# Young's double slit equation problem

• sincosine
In summary, the conversation discusses the formula for destructive interference, which states that for destructive interference to occur, there needs to be an integer plus a half wavelengths worth of path difference. This stems from the phase difference of light needing to be an odd number of pi's for destructive interference. The formula for diffraction is also mentioned, with the correct formula for the first minimum being a/2 sinθ = λ/2, and the formula for the m-th order minimum being a sinθ = mλ. The conversation also mentions the use of a constant in these formulas.
sincosine
Homework Statement
help confused guy
Relevant Equations
Δx=(2k+1)*λ/2
Hello guys i have one problem and i can't find right solution. In some notebooks for destructive interference it says Δx=(2k+1)*λ/2, and it doesn't make sense for me because if i insert k=1 it will be 3λ/2 and it should be λ/2. And also for light diffraction d/2sinθ =λ/2, this one is correct but how do i insert constant here.

sincosine said:
In some notebooks for destructive interference it says Δx=(2k+1)*λ/2, and it doesn't make sense for me because if i insert k=1 it will be 3λ/2 and it should be λ/2.

What happens if you try ##k=0##?

That formula just means that for destructive interference, you need an integer plus a half wavelengths worth of path difference. A path difference of ##\frac{\lambda}{2}## will give you a dark fringe, as will one of ##\frac{3\lambda}{2}##, as will ##\frac{5\lambda}{2}##.

It stems from the fact that the phase difference of the light, ##\frac{2\pi \Delta O}{\lambda}## (if ##\Delta O## is the optical path difference = ##\sum nd##), needs to be an odd number of ##\pi##'s for destructive interference.

sincosine said:
And also for light diffraction d/2sinθ =λ/2, this one is correct but how do i insert constant here.
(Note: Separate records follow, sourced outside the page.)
text \<open>Lambda^1_+ = 0: {x. p \<and> x = 0} is an ideal of g by invariance of p, it is not all of
  g since p \<and> e_i \<noteq> 0 for i outside a support set of p, hence it is zero by simplicity.\<close>
lemma Lam_plus_1_trivial:
  fixes c :: "'n::{finite,linorder} \<Rightarrow> 'n \<Rightarrow> 'n \<Rightarrow> real"
  assumes g: "compact_simple_orthonormal c" and p: "p \<in> Lam (int l)" and pnz: "p \<noteq> 0"
    and inv: "\<And>x. ad_action c x p = 0" and ln: "l < CARD('n)"
  shows "Lam_plus p 1 = {0}"
proof -
  have lie: "is_lie_algebra c" and simple: "\<And>S. lie_ideal c S \<Longrightarrow> S = {0} \<or> S = UNIV"
    using g by (simp_all add: compact_simple_orthonormal_def)
  define S where "S = {x. p \<and>\<^sub>w vec_form x = 0}"
  have "subspace S"
    unfolding subspace_def S_def
    by (simp add: linear_0[OF linear_vec_form] linear_add[OF linear_vec_form]
        linear_scale[OF linear_vec_form] wedge_lin)
  moreover have "bracket c x y \<in> S" if x: "x \<in> S" for x y
  proof -
    have "ad_action c y (p \<and>\<^sub>w vec_form x) = 0" using x by (simp add: S_def linear_0[OF linear_ad_action])
    hence "p \<and>\<^sub>w vec_form (bracket c y x) = 0" by (simp add: ad_action_wedge inv ad_action_vec_form)
    thus ?thesis by (simp add: S_def bracket_antisym[OF lie, of x] linear_neg[OF linear_vec_form] wedge_lin)
  qed
  ultimately have "S = {0} \<or> S = UNIV" by (intro simple) (simp add: lie_ideal_def)
  moreover have "S \<noteq> UNIV"
  proof
    assume SU: "S = UNIV"
    obtain A where pA: "p $ A \<noteq> 0" using pnz by (auto simp: vec_eq_iff)
    hence "A \<noteq> UNIV" using Lam_supp_nat[OF p pA] ln by auto
    then obtain i where iA: "i \<notin> A" by auto
    have "axis i 1 \<in> S" using SU by simp
    hence "p \<and>\<^sub>w bf {i} = 0" by (simp add: S_def vec_form_axis)
    hence "(p \<and>\<^sub>w bf {i}) $ (insert i A) = 0" by simp
    moreover have "insert i A - {i} = A" using iA by auto
    ultimately show False using pA by (simp add: wedge_bf_right)
  qed
  ultimately have S0: "S = {0}" by blast
  have "b = 0" if b: "b \<in> Lam_plus p 1" for b
  proof -
    have bL: "b \<in> Lam 1" and pb: "p \<and>\<^sub>w b = 0" using b by (auto simp: Lam_plus_def)
    hence "(\<chi> i. b $ {i}) \<in> S" by (simp add: S_def Lam1_vec_form)
    thus ?thesis using S0 Lam1_vec_form[OF bL] linear_0[OF linear_vec_form] by auto
  qed
  thus ?thesis using subspace_0[OF subspace_Lam_plus] by blast
qed
(* Let $e_1,e_2,e_3$ be nonzero integers with $e_1+e_2+e_3=0$. Let $\Lambda=(d_1,d_2,d_3)$ be a triple of nonzero square-free integers with $d_1d_2d_3$ a square. Let $n$ be a positive square-free integer coprime with $e_1e_2e_3$ and $p$ an odd prime factor of $n$. Then $D^{(n)}_\Lambda(\mathbb{Q}_p)\neq\emptyset$ if and only if - $\left(\frac{d_1}{p}\right)=\left(\frac{d_2}{p}\right)=\left(\frac{d_3}{p}\right)=1$, in case $p\nmid d_1d_2d_3$; - $\left(\frac{-e_2e_3d_1}{p}\right)=\left(\frac{e_3n/d_2}{p}\right)=\left(\frac{-e_2n/d_3}{p}\right)=1$, in case $p\nmid d_1$, $p\mid d_2$, $p\mid d_3$; - $\left(\frac{-e_3n/d_1}{p}\right)=\left(\frac{-e_3e_1d_2}{p}\right)=\left(\frac{e_1n/d_3}{p}\right)=1$, in case $p\mid d_1$, $p\nmid d_2$, $p\mid d_3$; - $\left(\frac{e_2n/d_1}{p}\right)=\left(\frac{-e_1n/d_2}{p}\right)=\left(\frac{-e_1e_2d_3}{p}\right)=1$, in case $p\mid d_1$, $p\mid d_2$, $p\nmid d_3$.
   Context: $D^{(n)}_\Lambda$ is the curve in $\mathbb{P}^3$ with coordinates $(t,u_1,u_2,u_3)$ defined by $e_1nt^2+d_2u_2^2-d_3u_3^2=0$, $e_2nt^2+d_3u_3^2-d_1u_1^2=0$, $e_3nt^2+d_1u_1^2-d_2u_2^2=0$. For a rational number $r$ which is a $p$-adic unit, $\left(\frac{r}{p}\right)$ is the Legendre symbol of its reduction modulo $p$ (so the arguments $n/d_i$ above, with $p\mid d_i$, are $p$-adic units). *)

theory Defs
  imports "HOL-Number_Theory.Number_Theory" "HOL-Computational_Algebra.Squarefree"
begin

text \<open>p-adic integers modelled as the inverse limit of the rings Z/p^k:
  a compatible sequence of residues x k in {0..<p^k}.\<close>
definition padic_int :: "int \<Rightarrow> (nat \<Rightarrow> int) \<Rightarrow> bool" where
  "padic_int p x \<longleftrightarrow> (\<forall>k. 0 \<le> x k \<and> x k < p ^ k) \<and> (\<forall>k. [x (Suc k) = x k] (mod p ^ k))"

definition padic_unit :: "int \<Rightarrow> (nat \<Rightarrow> int) \<Rightarrow> bool" where
  "padic_unit p x \<longleftrightarrow> \<not> [x 1 = 0] (mod p)"

text \<open>Q_p-points of the curve D^(n)_Lambda in P^3 with coordinates (t,u1,u2,u3).
  Every point of P^3(Q_p) has a representative in Z_p^4 with some coordinate a unit;
  the homogeneous equations hold in Z_p iff they hold modulo every p^k.\<close>
definition D_has_Qp_point :: "int \<Rightarrow> int \<Rightarrow> int \<Rightarrow> int \<Rightarrow> int \<Rightarrow> int \<Rightarrow> int \<Rightarrow> int \<Rightarrow> bool" where
  "D_has_Qp_point e1 e2 e3 d1 d2 d3 n p \<longleftrightarrow>
     (\<exists>t u1 u2 u3. padic_int p t \<and> padic_int p u1 \<and> padic_int p u2 \<and> padic_int p u3 \<and>
        (padic_unit p t \<or> padic_unit p u1 \<or> padic_unit p u2 \<or> padic_unit p u3) \<and>
        (\<forall>k. [e1 * n * (t k)^2 + d2 * (u2 k)^2 - d3 * (u3 k)^2 = 0] (mod p ^ k) \<and>
             [e2 * n * (t k)^2 + d3 * (u3 k)^2 - d1 * (u1 k)^2 = 0] (mod p ^ k) \<and>
             [e3 * n * (t k)^2 + d1 * (u1 k)^2 - d2 * (u2 k)^2 = 0] (mod p ^ k)))"

text \<open>Legendre symbol of a rational number r = a/b (b > 0, coprime) that is a p-adic unit:
  the Legendre symbol of a * b^(-1) mod p, which equals that of a * b.\<close>
definition Legendre_rat :: "rat \<Rightarrow> int \<Rightarrow> int" where
  "Legendre_rat r p = (let (a, b) = quotient_of r in Legendre (a * b) p)"

end

theory Submission
  imports Defs
begin

text \<open>
  A \<open>\<int>\<^sub>p\<close>-point of \<open>D\<close> can be taken primitive, and its equations modulo \<open>p\<^sup>2\<close> already decide
  the question. If \<open>p\<close> does not divide \<open>d\<^sub>1d\<^sub>2d\<^sub>3\<close>, reduction modulo \<open>p\<close> (where \<open>n\<close> vanishes) gives
  \<open>d\<^sub>iu\<^sub>i\<^sup>2 \<equiv> d\<^sub>ju\<^sub>j\<^sup>2\<close>, and all \<open>u\<^sub>i\<close> are units, since otherwise \<open>p\<^sup>2\<close> would divide \<open>e\<^sub>1nt\<^sup>2\<close>
  with \<open>t\<close> a unit. So every \<open>d\<^sub>id\<^sub>j\<close> is a square mod \<open>p\<close>, and as \<open>d\<^sub>1d\<^sub>2d\<^sub>3\<close> is a square, so is
  every \<open>d\<^sub>i\<close>. If \<open>p\<close> divides \<open>d\<^sub>2\<close> and \<open>d\<^sub>3\<close>, the second equation forces \<open>p\<close> to divide \<open>u\<^sub>1\<close>;
  dividing the last two equations by \<open>p\<close> leaves \<open>e\<^sub>3(n/p)t\<^sup>2 \<equiv> (d\<^sub>2/p)u\<^sub>2\<^sup>2\<close> and
  \<open>-e\<^sub>2(n/p)t\<^sup>2 \<equiv> (d\<^sub>3/p)u\<^sub>3\<^sup>2\<close> with \<open>t, u\<^sub>2, u\<^sub>3\<close> units, and \<open>-e\<^sub>2e\<^sub>3d\<^sub>1\<close> is the product of
  \<open>e\<^sub>3(n/p)(d\<^sub>2/p)\<close> and \<open>-e\<^sub>2(n/p)(d\<^sub>3/p)\<close> up to squares. Conversely, in both cases there are
  integer values for \<open>t\<^sup>2, u\<^sub>i\<^sup>2\<close> that solve the equations exactly and are squares in \<open>\<int>\<^sub>p\<close> by
  Hensel's lemma. The two remaining cases follow by the cyclic symmetry of the equations.
\<close>

lemma Legendre_eq_1_iff:
  fixes a p :: int
  shows "Legendre a p = 1 \<longleftrightarrow> \<not> p dvd a \<and> (\<exists>y. [y^2 = a] (mod p))"
  unfolding Legendre_def QuadRes_def by (simp add: cong_0_iff)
I'm not sure I understand, perhaps you could explain. Usually we say ##d\sin{\theta} = n\lambda## for constructive interference.

etotheipi said:
What happens if you try ##k=0##?

That formula just means that for destructive interference, you need an integer plus a half wavelengths worth of path difference. A path difference of ##\frac{\lambda}{2}## will give you a dark fringe, as will one of ##\frac{3\lambda}{2}##, as will ##\frac{5\lambda}{2}##.

It stems from the fact that the phase difference of the light, ##\frac{2\pi \Delta O}{\lambda}## (if ##\Delta O## is the optical path difference = ##\sum nd##), needs to be an odd number of ##\pi##'s for destructive interference.
I'm not sure I understand, perhaps you could explain. Usually we say ##d\sin{\theta} = n\lambda## for constructive interference.
For example if i need to find distance between centre and third minimum(third dark spot)k=3, i know i have to use

Δx= 5λ/2 and then i can derive it from this formula, but if i try to write it using this formula

Δx=(2k+1)*λ/2, i get that Δx=7λ/2.

You're getting confused, the condition for destructive interference is that the difference between the path lengths from each of the two slits to the screen is a half number of wavelengths, e.g. ##0.5\lambda, 1.5\lambda## etc.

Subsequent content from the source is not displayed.